For the OP, do these shades of grey exist kn hockey, handball, water polo...? Basketball the rules about contact are very clear. American Football allows a lot of contact with very technical rules and a lot of referees to spot the tiniest movements.

I’ve not read the hockey rulebook.., maybe rugby union is the most interesting comparison as there is also one main ref and a lot of contact, including the dark arts. Rugby seems a “cleaner” game but I think we also know that part of footy’s dramatic success (drama!) is down to how the laws are shaped and consequently incidents argued!
 

Kes

I'll Decide ...
#14
When I did the ref training course a big deal was made of the removal of the "intention" element on certain offences. Referees are human and not blessed with mind reading abilities, therefore how are they meant to know if a foul was committed intentionally? It appears, however, that we are meant to know if a handball is committed deliberately, as obviously there is a lot of difference between intentionally and deliberately.
Sometimes you're damned if you do and damned if you don't. That's the nature of the job.

Regarding the deliberate/intentional handball question - it's a fair point you make and not one easily answered with any precise clarity. Most of these instances are "you had to be there" moments.
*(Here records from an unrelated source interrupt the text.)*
lemma nd_dff_of_ltree:
  assumes "is_node (dff_of_ltree lt lab \<phi> S) p" and "lcomplete lt d"
  shows "\<exists>lt' y' \<phi>'. nd (dff_of_ltree lt lab \<phi> S) p
      = dff_of_ltree lt' y' \<phi>' (S \<union> path_examples (dff_of_ltree lt lab \<phi> S) p)
    \<and> lcomplete lt' (d - length p) \<and> length p \<le> d"
  using assms
proof (induction lt arbitrary: lab \<phi> S p d)
  case LLeaf
  then show ?case
    by (cases p) (auto simp: is_node_Cons path_examples_def intro!: exI[of _ LLeaf])
next
  case (LInner x a l b r)
  show ?case
  proof (cases p)
    case Nil
    with LInner.prems show ?thesis
      by (auto simp: path_examples_def intro!: exI[of _ "LInner x a l b r"])
  next
    case (Cons e es)
    obtain n where n: "d = Suc n" "a \<noteq> b" "lcomplete l n" "lcomplete r n"
      using LInner.prems(2) by (rule lcomplete_LInner_elim)
    obtain c where c: "dch (dff_of_ltree (LInner x a l b r) lab \<phi> S) e = Some c" "is_node c es"
      using LInner.prems(1) Cons by (auto simp: is_node_Cons)
    obtain y' s where ys: "(y', s) \<in> {(a, l), (b, r)}"
      and c_eq: "c = dff_of_ltree s (Some y') (Some (ind (Orig x))) (insert (Orig x, y') S)"
      using c(1) n(2) by (rule dch_dff_of_LInner)
    have "\<exists>lt' y'' \<phi>'. nd c es = dff_of_ltree lt' y'' \<phi>' (insert (Orig x, y') S \<union> path_examples c es)
        \<and> lcomplete lt' (n - length es) \<and> length es \<le> n"
      using ys LInner.IH c(2) n(3,4) unfolding c_eq by blast
    moreover have "path_examples (dff_of_ltree (LInner x a l b r) lab \<phi> S) p
        = insert (Orig x, y') (path_examples c es)"
      using path_examples_Cons[OF c(1)] Cons c_eq by auto
    ultimately show ?thesis using Cons c(1) n(1) by (auto simp: nd_Cons)
  qed
qed

lemma dff_of_ltree_last_edge:
  assumes "is_node (dff_of_ltree lt lab \<phi> S) (p @ [e])" and "lcomplete lt d"
  shows "dlab (nd (dff_of_ltree lt lab \<phi> S) (p @ [e])) \<noteq> Some (snd e)
    \<and> dfeat (nd (dff_of_ltree lt lab \<phi> S) (p @ [e])) \<in> Some ` OtD_Phi"
  using assms
proof (induction lt arbitrary: lab \<phi> S p d)
  case LLeaf
  then show ?case by (cases p) (auto simp: is_node_Cons)
next
  case (LInner x a l b r)
  obtain n where n: "a \<noteq> b" "lcomplete l n" "lcomplete r n"
    using LInner.prems(2) by (rule lcomplete_LInner_elim)
  obtain e' es where p_e: "p @ [e] = e' # es"
    by (cases "p @ [e]") auto
  obtain c where c: "dch (dff_of_ltree (LInner x a l b r) lab \<phi> S) e' = Some c" "is_node c es"
    using LInner.prems(1) p_e by (auto simp: is_node_Cons)
  obtain y' s where ys: "(y', s) \<in> {(a, l), (b, r)}" and "y' \<noteq> snd e'"
    and c_eq: "c = dff_of_ltree s (Some y') (Some (ind (Orig x))) (insert (Orig x, y') S)"
    using c(1) n(1) by (rule dch_dff_of_LInner)
  show ?case
  proof (cases p)
    case Nil
    with p_e c_eq \<open>y' \<noteq> snd e'\<close> show ?thesis by (auto simp: nd_Cons[OF c(1)] OtD_Phi_def)
  next
    case (Cons e'' p')
    with p_e have "es = p' @ [e]" by simp
    with ys LInner.IH c(2) n(2,3) show ?thesis
      unfolding p_e nd_Cons[OF c(1)] c_eq by blast
  qed
qed

lemma dff_of_ltree_leaf_consistent:
  assumes "is_node (dff_of_ltree lt lab \<phi> S) p" and "is_leaf (nd (dff_of_ltree lt lab \<phi> S) p)"
    and "lcomplete lt d"
  shows "\<exists>q \<in> lpaths lt. \<forall>f. (\<forall>(x, y) \<in> set q. f x = y)
    \<longrightarrow> path_consistent (dff_of_ltree lt lab \<phi> S) p (teacher_of f)"
  using assms
proof (induction lt arbitrary: lab \<phi> S p d)
  case LLeaf
  then show ?case by (cases p) (auto simp: is_node_Cons path_consistent_def)
next
  case (LInner x a l b r)
  obtain n where n: "a \<noteq> b" "lcomplete l n" "lcomplete r n"
    using LInner.prems(3) by (rule lcomplete_LInner_elim)
  obtain e es where p: "p = e # es"
    using LInner.prems(2) by (cases p) (auto simp: is_leaf_dff_of_ltree)
  obtain c where c: "dch (dff_of_ltree (LInner x a l b r) lab \<phi> S) e = Some c" "is_node c es"
    using LInner.prems(1) p by (auto simp: is_node_Cons)
  obtain y' s where ys: "(y', s) \<in> {(a, l), (b, r)}"
    and c_eq: "c = dff_of_ltree s (Some y') (Some (ind (Orig x))) (insert (Orig x, y') S)"
    using c(1) n(1) by (rule dch_dff_of_LInner)
  obtain q where q: "q \<in> lpaths s"
    "\<forall>f. (\<forall>(x, y) \<in> set q. f x = y) \<longrightarrow> path_consistent c es (teacher_of f)"
    using ys LInner.IH c(2) LInner.prems(2) n(2,3) unfolding p nd_Cons[OF c(1)] c_eq by blast
  have "(x, y') # q \<in> lpaths (LInner x a l b r)"
    using ys q(1) by auto
  moreover have "path_consistent (dff_of_ltree (LInner x a l b r) lab \<phi> S) p (teacher_of f)"
    if "\<forall>(x', y) \<in> set ((x, y') # q). f x' = y" for f
    using that q(2) unfolding p path_consistent_Cons[OF c(1)] c_eq
    by (simp add: teacher_of_def)
  ultimately show ?case by blast
qed

lemma consistent_hist_teacher_of: "consistent_hist (teacher_of f) OtD_hist"
  by (auto simp: consistent_hist_def OtD_hist_def teacher_of_def)

lemma dff_of_ltree_shattered:
  assumes lc: "lcomplete lt d" and sh: "\<forall>q \<in> lpaths lt. \<exists>f \<in> F. \<forall>(x, y) \<in> set q. f x = y"
  shows "dff_shattered OtD_Phi (teacher_of ` F) OtD_hist (dff_of_ltree lt None None {}) d"
proof -
  let ?t = "dff_of_ltree lt None None {}"
  have node: "\<exists>lt' lab \<phi>. nd ?t p = dff_of_ltree lt' lab \<phi> (path_examples ?t p)
      \<and> lcomplete lt' (d - length p) \<and> length p \<le> d" if "is_node ?t p" for p
    using nd_dff_of_ltree[OF that lc] by simp
  have leaf: "dpt (nd ?t p) = None \<longleftrightarrow> is_leaf (nd ?t p)" if "is_node ?t p" for p
    using node[OF that] by (auto simp: is_leaf_dff_of_ltree dpt_dff_of_ltree_eq_None)
  have feature: "\<phi> \<in> OtD_Phi" if "is_node ?t p" "dfeat (nd ?t p) = Some \<phi>" for p \<phi>
  proof (cases p rule: rev_cases)
    case Nil
    with that show ?thesis by simp
  next
    case (snoc p' e)
    with dff_of_ltree_last_edge[OF _ lc] that show ?thesis by fastforce
  qed
  have edge: "dlab (nd ?t (p @ [e])) \<noteq> Some (snd e) \<and> dfeat (nd ?t (p @ [e])) \<noteq> None"
    if "is_node ?t (p @ [e])" for p e
    using dff_of_ltree_last_edge[OF that lc] by auto
  have out: "out_labels (nd ?t p) = OtD_hist \<union> path_examples ?t p"
    if "is_node ?t p" "\<not> is_leaf (nd ?t p)" for p
    using node[OF that(1)] that(2) by (auto simp: is_leaf_dff_of_ltree out_labels_dff_of_ltree)
  have consistent: "\<exists>T \<in> teachers_consistent (teacher_of ` F) OtD_hist. path_consistent ?t p T"
    if p_leaf: "is_node ?t p" "is_leaf (nd ?t p)" for p
  proof -
    obtain q where "q \<in> lpaths lt"
      and q: "\<forall>f. (\<forall>(x, y) \<in> set q. f x = y) \<longrightarrow> path_consistent ?t p (teacher_of f)"
      using dff_of_ltree_leaf_consistent[OF p_leaf lc] by blast
    with sh obtain f where "f \<in> F" "\<forall>(x, y) \<in> set q. f x = y"
      by blast
    with q show ?thesis
      by (auto simp: teachers_consistent_def consistent_hist_teacher_of)
  qed
  have depth: "length p = d" if "is_node ?t p" "is_leaf (nd ?t p)" for p
    using node[OF that(1)] that(2) by (auto simp: is_leaf_dff_of_ltree)
  show ?thesis
    unfolding dff_shattered_def dff_tree_def
    using leaf feature edge out consistent depth by simp
qed

theorem mainTheorem9:
  fixes F :: "('x \<Rightarrow> 'y::finite) set"
  shows "Ldim F \<le> DFFdim OtD_Phi (fst (OtD F)) (snd (OtD F))"
proof -
  have "{enat d | d. \<exists>t. lcomplete t d \<and> (\<forall>q \<in> lpaths t. \<exists>f \<in> F. \<forall>(x, y) \<in> set q. f x = y)}
     \<subseteq> {enat d | d. \<exists>t. dff_shattered OtD_Phi (teacher_of ` F) OtD_hist t d}"
    using dff_of_ltree_shattered by blast
  then show ?thesis
    unfolding Ldim_def DFFdim_def OtD_def by (simp add: Sup_subset_mono)
qed

end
For a handball, particularly where the sanction for it is a penalty, I always try and ask myself the following question:

"Could the player have prevented the ball coming into contact with their hand at that moment?". That may help. :)
 
#15
... but then we get into the subtelties if refereeing. Upper body contact is allowed. But is there an attempt to play the ball, is the contact just an attempt to knock someone over, are the players running together, how natural is the movement, what’s the level, match, conditions, age, intensity... it’s what makes football refereeing very subtle.

For the OP, do these shades of grey exist kn hockey, handball, water polo...? Basketball the rules about contact are very clear. American Football allows a lot of contact with very technical rules and a lot of referees to spot the tiniest movements.

I’ve not read the hockey rulebook.., maybe rugby union is the most interesting comparison as there is also one main ref and a lot of contact, including the dark arts. Rugby seems a “cleaner” game but I think we also know that part of footy’s dramatic success (drama!) is down to how the laws are shaped and consequently incidents argued!
I love my football, despite being an Ipswich fan, and played hockey more down to my schooling. The hockey rule book is superior to the football rule book (LOTG) in almost every way but the game of football is superior to hockey.

Big rabbit hole, but two umpires not a ref and up to four assistants (champions League) would work nicely in football.... Sin bins and the green card as well.